Explanation: Auto-DevOps provides a quick start, but often needs customization. This prompt shows how to override defaults safely.

Usage example: The generated YAML will include include: template: Auto-DevOps.gitlab-ci.yml and a variables section that overrides HELM_UPGRADE_EXTRA_ARGS with --set replicaCount=3 --set postgresql.enabled=false.

9. ArgoCD: Rollback with Prune and Self-Heal

Prompt:

"Write an ArgoCD Application manifest for a microservice that uses a Helm chart from a private Git repository. The Application should:
- Enable selfHeal and prune in the sync policy
- Set syncPolicy.automated.allowEmpty to true (to allow empty charts)
- Use a retry strategy with limit: 5 and backoff duration 10s
- Configure the destination to be the production namespace on the prod-cluster
- Point the source to a Git repo with path charts/api-gateway and revision HEAD"

Explanation: Self-heal and prune are critical for GitOps to automatically correct drift and remove outdated resources.

Usage example: The output will include syncPolicy.automated with prune: true, selfHeal: true, and a retry block under syncPolicy. This ensures the cluster always matches the Git state.

10. Multi-Tool: Security Scanning in CI/CD

Prompt:

"Generate a CI/CD pipeline that runs security scanning on every push for a Node.js application. The pipeline should:
- Use GitHub Actions for the CI runner
- Run npm audit to check for dependency vulnerabilities
- Run a SAST (Static Application Security Testing) tool (like semgrep) on the code
- Run a container scan using trivy on the Docker image after building
- Fail the pipeline if any critical vulnerabilities are found
- Post the results as a comment on the pull request using the github-script action"

Explanation: Security scanning is a must-have in modern pipelines. This prompt combines multiple tools in one workflow.

Usage example: The AI will generate a workflow with three jobs: audit, sast, and container-scan. The container-scan job will use aquasecurity/trivy-action@master with exit-code: '1' to fail on critical issues. The github-script action will use context.payload.pull_request.number to add a comment.

Conclusion

CI/CD pipelines are the backbone of modern software delivery, and using prompts can dramatically speed up your configuration process.

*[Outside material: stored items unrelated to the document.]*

lemma rainbow_path_if_parts_have_rainbow_reducts:
  fixes F :: "('v, 'c) cgraph"
  assumes F: "colored_graph F" "F = \<Union>\<G>"
    and colors: "\<And>G H. G \<in> \<G> \<Longrightarrow> H \<in> \<G> \<Longrightarrow> G \<noteq> H \<Longrightarrow> colors G \<inter> colors H = {}"
    and reducts: "\<And>G. G \<in> \<G> \<Longrightarrow> \<exists>H. rainbow_reduct G H"
    and st: "(adj F)\<^sup>*\<^sup>* s t" "s \<noteq> t"
  shows "\<exists>P\<subseteq>F. is_path P s t \<and> rainbow P"
proof -
  define S :: "('v, 'c) cgraph \<Rightarrow> ('v, 'c) cgraph" where "S G = (SOME H. rainbow_reduct G H)" for G
  have S: "S G \<subseteq> G" "inj_on snd (S G)" "adj G \<le> (adj (S G))\<^sup>*\<^sup>*" if "G \<in> \<G>" for G
    using someI_ex[OF reducts[OF that]] unfolding S_def rainbow_reduct_def by blast+
  define F' where "F' = (\<Union>G\<in>\<G>. S G)"
  have "F' \<subseteq> F"
    using S(1) F(2) unfolding F'_def by blast
  have "inj_on snd F'"
    unfolding F'_def by (rule inj_on_snd_UN_colors_disjoint[OF colors S(1,2)])
  have "adj F \<le> (adj F')\<^sup>*\<^sup>*"
  proof (intro predicate2I)
    fix u v assume "adj F u v"
    then obtain G where G: "G \<in> \<G>" "adj G u v"
      using F(2) unfolding adj_def by blast
    then have "(adj (S G))\<^sup>*\<^sup>* u v"
      using S(3) by blast
    moreover have "S G \<subseteq> F'"
      using G(1) unfolding F'_def by blast
    ultimately show "(adj F')\<^sup>*\<^sup>* u v"
      using rtranclp_mono[OF adj_mono] by blast
  qed
  then have "(adj F')\<^sup>*\<^sup>* s t"
    using rtranclp_mono[of "adj F" "(adj F')\<^sup>*\<^sup>*"] st(1) by auto
  then obtain P where P: "P \<subseteq> F'" "is_path P s t"
    using rtranclp_adj_imp_path st(2) colored_graph_subset[OF F(1) \<open>F' \<subseteq> F\<close>] by meson
  then have "finite P"
    unfolding is_path_def colored_graph_def by blast
  then have "rainbow P"
    using inj_on_subset[OF \<open>inj_on snd F'\<close> P(1)] by (simp add: rainbow_iff_inj_on_snd)
  with P \<open>F' \<subseteq> F\<close> show ?thesis
    by blast
qed

lemma is_partition_colors_disjoint:
  assumes "is_partition F Gs" "G \<in> set Gs" "H \<in> set Gs" "G \<noteq> H"
  shows "colors G \<inter> colors H = {}"
proof -
  obtain i j where "i < length Gs" "j < length Gs" "G = Gs ! i" "H = Gs ! j"
    using assms(2,3) by (auto simp: in_set_conv_nth)
  with assms(1,4) show ?thesis
    unfolding is_partition_def by blast
qed

theorem proposition2p9:
  fixes F :: "('v, 'c) cgraph" and Cs Bs Ts :: "('v, 'c) cgraph list"
    and P :: "('v, 'c) cgraph" and s t :: 'v
  assumes "frankenstein F Cs Bs Ts"
    and "P \<subseteq> F" and "is_path P s t"
  shows "\<exists>P'\<subseteq>F. is_path P' s t \<and> rainbow P'"
proof -
  let ?parts = "Cs @ Bs @ Ts"
  have F: "colored_graph F" "is_partition F ?parts"
    using assms(1) unfolding frankenstein_def by simp_all
  have "\<exists>H. rainbow_reduct G H" if G: "G \<in> set ?parts" for G
  proof -
    have "finite G"
      using F G unfolding is_partition_def colored_graph_def by (auto intro: finite_subset)
    moreover have "rainbow G \<or> bad_piece G"
      using assms(1) G unfolding frankenstein_def long_rainbow_odd_cycle_def by auto
    ultimately show ?thesis
      by (metis rainbow_reduct_self bad_piece_rainbow_reduct)
  qed
  moreover have "(adj F)\<^sup>*\<^sup>* s t"
    using is_path_connects[OF assms(3)] rtranclp_mono[OF adj_mono[OF assms(2)]] by blast
  moreover have "s \<noteq> t"
    using assms(3) unfolding is_path_def by simp
  ultimately show ?thesis
    using rainbow_path_if_parts_have_rainbow_reducts[OF F(1) _ is_partition_colors_disjoint[OF F(2)]]
      F(2) unfolding is_partition_def by blast
qed

end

The 10 prompts above cover the most common scenarios: from basic builds to multi-cluster deployments and security scanning. Remember to always review auto-generated configurations for security and correctness—never blindly copy-paste into production.

For teams looking to integrate these pipelines with advanced analytics and monitoring, ASI Biont supports connecting CI/CD tools via API. For example, you can automatically send pipeline metrics from GitHub Actions or GitLab CI to track deployment frequency and failure rates. This helps you measure the effectiveness of your DevOps practices over time.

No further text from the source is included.